Complement deficiencies and dysregulation: Pathophysiological consequences, modern analysis, and clinical management

• Published in: Molecular immunology Vol. 114; pp. 299 - 311
• Main Authors: Schröder-Braunstein, Jutta, Kirschfink, Michael
• Format: Journal Article
• Language: English
• Published: England Elsevier Ltd 01.10.2019
• Subjects: CD55 Antigens - immunology; CD59 Antigens - immunology; Complement deficiencies; Complement dysregulation; Complement Pathway, Alternative - immunology; Complement System Proteins - immunology; Diagnostics; Disease; Hemoglobinuria, Paroxysmal - immunology; Hereditary Complement Deficiency Diseases - immunology; Humans; Review; Complement deficiencies; Review; Complement dysregulation; Disease; Diagnostics
• ISSN: 0161-5890; 1872-9142
• DOI: 10.1016/j.molimm.2019.08.002

•Complement deficiencies are increasingly recognized and present an unexpected wide spectrum of diseases.•Modern comprehensive complement analysis allows early detection of complement deficiencies.•Advanced molecular analysis sheds new light on the importance of complement in organ-specific severe inflammatory disorders and even developmental processes.
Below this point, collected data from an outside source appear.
lemma tsla_prediction_error_le:
  fixes \<omega> \<beta>h \<beta>s :: "nat \<Rightarrow> real" and \<gamma>h \<gamma>s :: "'v \<Rightarrow> real"
  assumes "n > 0" and "lam \<ge> 0" and "finite V" and "is_partition G V" and "0 \<le> \<alpha>" and "\<alpha> \<le> 1"
    and column: "noise_column_bound n p X lam \<omega>" and group: "noise_group_bound n p k X A G lam \<omega>"
    and lin_h: "\<forall>j<p. \<beta>h j = linmap V A \<gamma>h j" and lin_s: "\<forall>j<p. \<beta>s j = linmap V A \<gamma>s j"
    and minimiser: "\<forall>\<beta> \<gamma>. (\<forall>j<p. \<beta> j = linmap V A \<gamma> j) \<longrightarrow>
                 tsla_objective n p k X G \<alpha> lam (\<lambda>i. (\<Sum>j<p. X i j * \<beta>s j) + \<omega> i) \<beta>h \<gamma>h
                   \<le> tsla_objective n p k X G \<alpha> lam (\<lambda>i. (\<Sum>j<p. X i j * \<beta>s j) + \<omega> i) \<beta> \<gamma>"
  shows "1 / real n * (\<Sum>i<n. ((\<Sum>j<p. X i j * \<beta>h j) - (\<Sum>j<p. X i j * \<beta>s j))\<^sup>2)
           \<le> 4 * lam * tsla_penalty n p k X G \<alpha> \<beta>s \<gamma>s"
proof -
  define D where "D i = (\<Sum>j<p. X i j * \<beta>h j) - (\<Sum>j<p. X i j * \<beta>s j)" for i
  define Ph where "Ph = tsla_penalty n p k X G \<alpha> \<beta>h \<gamma>h"
  define Ps where "Ps = tsla_penalty n p k X G \<alpha> \<beta>s \<gamma>s"
  define N where "N = (\<Sum>i<n. (\<omega> i)\<^sup>2)"
  define Q where "Q = (\<Sum>i<n. (D i)\<^sup>2)"
  define I where "I = (\<Sum>i<n. \<omega> i * D i)"
  have "I \<le> lam * real n * tsla_penalty n p k X G \<alpha> (\<lambda>j. \<beta>h j - \<beta>s j) (\<lambda>v. \<gamma>h v - \<gamma>s v)"
  proof -
    have "D i = (\<Sum>j<p. X i j * (\<beta>h j - \<beta>s j))" for i
      by (simp add: D_def right_diff_distrib sum_subtractf)
    moreover have "\<forall>j<p. \<beta>h j - \<beta>s j = linmap V A (\<lambda>v. \<gamma>h v - \<gamma>s v) j"
      using lin_h lin_s by (simp add: linmap_def right_diff_distrib sum_subtractf)
    ultimately show ?thesis
      using inner_noise_le_tsla_penalty[OF assms(3-6) column group] by (simp add: I_def)
  qed
  also have "\<dots> \<le> lam * real n * (Ph + Ps)"
    unfolding Ph_def Ps_def using assms(2,5,6)
    by (intro mult_left_mono tsla_penalty_diff_le) auto
  finally have inner: "I \<le> lam * real n * (Ph + Ps)" .
  have "(\<Sum>i<n. ((\<Sum>j<p. X i j * \<beta>s j) + \<omega> i - (\<Sum>j<p. X i j * \<beta>h j))\<^sup>2)
      = N - 2 * I + Q"
    by (simp add: N_def Q_def I_def D_def power2_eq_square algebra_simps sum.distrib sum_subtractf
        sum_distrib_left)
  moreover have "tsla_objective n p k X G \<alpha> lam (\<lambda>i. (\<Sum>j<p. X i j * \<beta>s j) + \<omega> i) \<beta>h \<gamma>h
      \<le> tsla_objective n p k X G \<alpha> lam (\<lambda>i. (\<Sum>j<p. X i j * \<beta>s j) + \<omega> i) \<beta>s \<gamma>s"
    using minimiser lin_s by blast
  ultimately have "(N - 2 * I + Q) / (2 * real n) + lam * Ph \<le> N / (2 * real n) + lam * Ps"
    unfolding tsla_objective_def Ph_def Ps_def N_def I_def by simp
  then have "2 * real n * ((N - 2 * I + Q) / (2 * real n) + lam * Ph)
      \<le> 2 * real n * (N / (2 * real n) + lam * Ps)"
    by (rule mult_left_mono) simp
  moreover have "2 * real n * ((N - 2 * I + Q) / (2 * real n) + lam * Ph)
      = N - 2 * I + Q + 2 * real n * lam * Ph"
    and "2 * real n * (N / (2 * real n) + lam * Ps) = N + 2 * real n * lam * Ps"
    using assms(1) by (simp_all add: field_simps)
  ultimately have "Q \<le> 2 * I + 2 * real n * lam * (Ps - Ph)"
    by (simp add: right_diff_distrib)
  with inner have "Q \<le> real n * (4 * lam * Ps)"
    by (simp add: algebra_simps)
  with assms(1) show ?thesis
    by (simp add: Q_def D_def Ps_def field_simps)
qed

section \<open>Probability of the noise event\<close>

lemma noise_column_bound_event:
  fixes \<sigma> t lam :: real
  assumes "\<sigma> > 0" and "t > 0" and "lam \<ge> 0"
    and nonzero: "\<forall>j<p. \<exists>i<n. X i j \<noteq> 0"
    and lam: "4 * \<sigma>\<^sup>2 * ln t \<le> lam\<^sup>2 * real n"
  shows "\<exists>E \<in> sets (gaussian_vec n \<sigma>).
           measure (gaussian_vec n \<sigma>) E \<ge> 1 - p * sqrt 2 / t \<and>
           (\<forall>\<omega>\<in>E. noise_column_bound n p X lam \<omega>)"
proof -
  define s where "s j = (\<Sum>i<n. (X i j)\<^sup>2)" for j
  have s: "0 < s j" if "j < p" for j
  proof -
    obtain i where "i < n" "X i j \<noteq> 0" using nonzero \<open>j < p\<close> by blast
    then show ?thesis unfolding s_def by (intro sum_pos2[of _ i]) auto
  qed
  let ?H = "(\<lambda>j. {j}) ` {..<p}"
  have "\<exists>E \<in> sets (gaussian_vec n \<sigma>).
          measure (gaussian_vec n \<sigma>) E \<ge> 1 - card ?H * sqrt 2 / t \<and>
          (\<forall>\<omega>\<in>E. \<forall>g\<in>?H. (\<Sum>u\<in>g. (\<Sum>i<n. X i u * \<omega> i)\<^sup>2 / s u) < 4 * \<sigma>\<^sup>2 * card g * ln t)"
    using s by (intro gaussian_vec_group_energy_event assms(1,2)) (auto simp: s_def)
  moreover have "card ?H = p" by (simp add: card_image)
  ultimately obtain E where "E \<in> sets (gaussian_vec n \<sigma>)"
    "measure (gaussian_vec n \<sigma>) E \<ge> 1 - p * sqrt 2 / t"
    and event: "\<And>\<omega> j. \<omega> \<in> E \<Longrightarrow> j < p \<Longrightarrow> (\<Sum>i<n. X i j * \<omega> i)\<^sup>2 / s j < 4 * \<sigma>\<^sup>2 * ln t"
    by auto
  moreover have "noise_column_bound n p X lam \<omega>" if "\<omega> \<in> E" for \<omega>
    unfolding noise_column_bound_def
  proof (intro allI impI)
    fix j assume "j < p"
    have "(\<Sum>i<n. X i j * \<omega> i)\<^sup>2 < 4 * \<sigma>\<^sup>2 * ln t * s j"
      using event[OF that \<open>j < p\<close>] s[OF \<open>j < p\<close>] by (simp add: divide_less_eq)
    also have "\<dots> \<le> lam\<^sup>2 * real n * s j"
      using lam s[OF \<open>j < p\<close>] by (intro mult_right_mono) auto
    also have "\<dots> = (lam * real n * (col_norm n X j / sqrt (real n)))\<^sup>2"
      using s[OF \<open>j < p\<close>]
      by (cases "n = 0") (simp_all add: col_norm_def s_def power_mult_distrib power_divide power2_eq_square)
    finally have "\<bar>\<Sum>i<n. X i j * \<omega> i\<bar>\<^sup>2 \<le> (lam * real n * (col_norm n X j / sqrt (real n)))\<^sup>2"
      by simp
    then show "\<bar>\<Sum>i<n. X i j * \<omega> i\<bar> \<le> lam * real n * (col_norm n X j / sqrt (real n))"
      by (rule power2_le_imp_le) (simp add: assms(3) col_norm_def sum_nonneg)
  qed
  ultimately show ?thesis by blast
qed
Complement defects are associated with an enhanced risk of a broad spectrum of infectious as well as systemic or local inflammatory and thrombotic disorders. Inherited complement deficiencies have been described for virtually all complement components but can be mimicked by autoantibodies, interfering with the activity of specific complement components, convertases or regulators. While being rare, diseases related to complement deficiencies are often severe with a frequent but not exclusive manifestation during childhood. Whereas defects of early components of the classical pathway significantly increase the risk of autoimmune disorders, lack of components of the terminal pathway as well as of properdin are associated with an enhanced susceptibility to meningococcal infections. The impaired synthesis or function of C1 inhibitor results in the development of hereditary angioedema (HAE). Furthermore, complement dysregulation causes renal disorders such as atypical hemolytic uremic syndrome (aHUS) or C3 glomerulopathy (C3G) but also age-related macular degeneration (AMD). While paroxysmal nocturnal hemoglobinuria (PNH) results from the combined deficiency of the regulatory complement proteins CD55 and CD59, which is caused by somatic mutation of a common membrane anchor, isolated CD55 or CD59 deficiency is associated with the CHAPLE syndrome and polyneuropathy, respectively. Here, we provide an overview on clinical disorders related to complement deficiencies or dysregulation and describe diagnostic strategies required for their comprehensive molecular characterization – a prerequisite for informed decisions on the therapeutic management of these disorders.